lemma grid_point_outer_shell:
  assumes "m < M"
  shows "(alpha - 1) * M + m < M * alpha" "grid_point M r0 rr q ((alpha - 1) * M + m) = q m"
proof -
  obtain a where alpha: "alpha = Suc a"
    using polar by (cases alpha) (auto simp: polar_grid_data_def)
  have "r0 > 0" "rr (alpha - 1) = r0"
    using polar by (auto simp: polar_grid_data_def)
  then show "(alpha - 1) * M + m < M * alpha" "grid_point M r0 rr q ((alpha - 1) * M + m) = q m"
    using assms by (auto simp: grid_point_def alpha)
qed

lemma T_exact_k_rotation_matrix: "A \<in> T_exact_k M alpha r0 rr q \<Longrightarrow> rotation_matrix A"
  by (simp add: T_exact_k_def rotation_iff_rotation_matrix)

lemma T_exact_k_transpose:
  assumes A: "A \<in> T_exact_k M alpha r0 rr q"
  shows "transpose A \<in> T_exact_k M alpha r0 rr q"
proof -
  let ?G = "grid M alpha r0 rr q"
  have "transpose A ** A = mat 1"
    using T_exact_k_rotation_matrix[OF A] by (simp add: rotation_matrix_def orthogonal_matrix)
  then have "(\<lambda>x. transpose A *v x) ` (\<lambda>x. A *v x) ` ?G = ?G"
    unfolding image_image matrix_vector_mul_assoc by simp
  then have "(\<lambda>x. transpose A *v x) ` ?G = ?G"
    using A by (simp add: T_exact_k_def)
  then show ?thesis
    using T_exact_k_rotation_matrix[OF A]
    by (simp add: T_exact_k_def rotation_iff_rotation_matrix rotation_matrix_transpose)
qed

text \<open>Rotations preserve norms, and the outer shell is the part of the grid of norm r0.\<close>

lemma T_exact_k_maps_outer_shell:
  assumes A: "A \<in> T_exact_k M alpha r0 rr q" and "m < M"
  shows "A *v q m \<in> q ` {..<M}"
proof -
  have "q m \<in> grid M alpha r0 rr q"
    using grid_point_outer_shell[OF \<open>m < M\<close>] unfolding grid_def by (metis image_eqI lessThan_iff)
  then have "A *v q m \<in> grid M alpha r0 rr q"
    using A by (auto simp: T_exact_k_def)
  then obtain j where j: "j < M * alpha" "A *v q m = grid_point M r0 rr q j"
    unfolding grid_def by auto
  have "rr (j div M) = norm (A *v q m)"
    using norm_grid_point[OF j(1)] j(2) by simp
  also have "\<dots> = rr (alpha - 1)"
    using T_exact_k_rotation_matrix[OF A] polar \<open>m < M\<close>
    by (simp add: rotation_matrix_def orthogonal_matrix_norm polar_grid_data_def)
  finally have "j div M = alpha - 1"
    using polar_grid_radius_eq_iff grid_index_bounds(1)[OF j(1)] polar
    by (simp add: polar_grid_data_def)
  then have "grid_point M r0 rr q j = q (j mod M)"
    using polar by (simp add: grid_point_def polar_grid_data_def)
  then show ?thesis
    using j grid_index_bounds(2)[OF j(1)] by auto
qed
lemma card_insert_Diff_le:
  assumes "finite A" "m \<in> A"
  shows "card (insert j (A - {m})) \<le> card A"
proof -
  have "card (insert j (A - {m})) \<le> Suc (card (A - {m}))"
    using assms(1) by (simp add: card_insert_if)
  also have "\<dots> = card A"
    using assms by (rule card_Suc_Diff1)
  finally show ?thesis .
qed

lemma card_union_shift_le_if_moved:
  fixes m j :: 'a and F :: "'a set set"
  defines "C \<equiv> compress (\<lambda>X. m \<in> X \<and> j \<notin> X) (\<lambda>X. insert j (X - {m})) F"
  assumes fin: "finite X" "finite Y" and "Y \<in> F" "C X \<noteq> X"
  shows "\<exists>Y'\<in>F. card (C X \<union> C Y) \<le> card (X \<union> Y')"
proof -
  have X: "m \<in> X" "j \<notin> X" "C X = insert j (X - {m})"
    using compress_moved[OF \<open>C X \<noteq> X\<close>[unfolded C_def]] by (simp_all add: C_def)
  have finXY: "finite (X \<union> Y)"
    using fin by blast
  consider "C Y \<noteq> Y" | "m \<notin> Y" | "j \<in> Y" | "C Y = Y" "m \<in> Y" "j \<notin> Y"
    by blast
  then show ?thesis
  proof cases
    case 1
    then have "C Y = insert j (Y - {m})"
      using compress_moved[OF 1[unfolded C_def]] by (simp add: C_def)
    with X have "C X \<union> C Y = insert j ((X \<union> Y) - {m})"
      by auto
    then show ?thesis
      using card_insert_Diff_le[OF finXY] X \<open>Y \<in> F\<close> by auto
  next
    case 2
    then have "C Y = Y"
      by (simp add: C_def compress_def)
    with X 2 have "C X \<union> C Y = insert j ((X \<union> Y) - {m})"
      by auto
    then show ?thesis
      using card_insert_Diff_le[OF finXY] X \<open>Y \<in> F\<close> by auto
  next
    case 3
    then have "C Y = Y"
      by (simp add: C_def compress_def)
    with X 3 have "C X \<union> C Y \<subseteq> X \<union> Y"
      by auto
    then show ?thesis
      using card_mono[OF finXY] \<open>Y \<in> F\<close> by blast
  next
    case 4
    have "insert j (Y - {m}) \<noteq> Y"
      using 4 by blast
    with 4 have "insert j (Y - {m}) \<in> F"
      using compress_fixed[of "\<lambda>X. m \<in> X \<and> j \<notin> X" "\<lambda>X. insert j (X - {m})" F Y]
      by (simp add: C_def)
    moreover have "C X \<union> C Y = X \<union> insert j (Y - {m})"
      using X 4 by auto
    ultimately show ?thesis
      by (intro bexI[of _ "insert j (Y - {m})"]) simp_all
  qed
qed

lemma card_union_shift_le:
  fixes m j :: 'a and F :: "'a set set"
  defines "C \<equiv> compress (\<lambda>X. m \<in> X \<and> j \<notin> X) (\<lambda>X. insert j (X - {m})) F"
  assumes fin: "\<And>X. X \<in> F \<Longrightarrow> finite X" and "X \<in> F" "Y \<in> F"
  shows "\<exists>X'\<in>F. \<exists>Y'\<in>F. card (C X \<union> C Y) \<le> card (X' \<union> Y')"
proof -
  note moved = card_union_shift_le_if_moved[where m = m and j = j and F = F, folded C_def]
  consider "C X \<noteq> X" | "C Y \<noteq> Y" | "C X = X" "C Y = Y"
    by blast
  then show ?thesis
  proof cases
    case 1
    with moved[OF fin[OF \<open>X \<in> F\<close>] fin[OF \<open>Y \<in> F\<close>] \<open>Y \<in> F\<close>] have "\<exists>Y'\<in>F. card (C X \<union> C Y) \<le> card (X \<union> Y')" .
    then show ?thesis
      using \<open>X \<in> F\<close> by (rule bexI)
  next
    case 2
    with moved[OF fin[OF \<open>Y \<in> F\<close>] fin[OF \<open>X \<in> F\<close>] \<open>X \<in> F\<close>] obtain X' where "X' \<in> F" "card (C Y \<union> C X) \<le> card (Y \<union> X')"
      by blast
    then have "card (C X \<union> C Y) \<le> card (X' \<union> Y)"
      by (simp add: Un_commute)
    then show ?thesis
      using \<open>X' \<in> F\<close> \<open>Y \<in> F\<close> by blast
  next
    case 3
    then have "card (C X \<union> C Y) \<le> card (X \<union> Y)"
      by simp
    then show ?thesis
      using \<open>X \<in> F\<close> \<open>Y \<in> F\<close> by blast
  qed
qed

--*--

◆ **Problem details**:
Gather all lines from the records above in which "finite" appears.

◆ **Exercise output**:
  assumes "finite A" "m \<in> A"
  assumes fin: "finite X" "finite Y" and "Y \<in> F" "C X \<noteq> X"
  have finXY: "finite (X \<union> Y)"
  assumes fin: "\<And>X. X \<in> F \<Longrightarrow> finite X" and "X \<in> F" "Y \<in> F"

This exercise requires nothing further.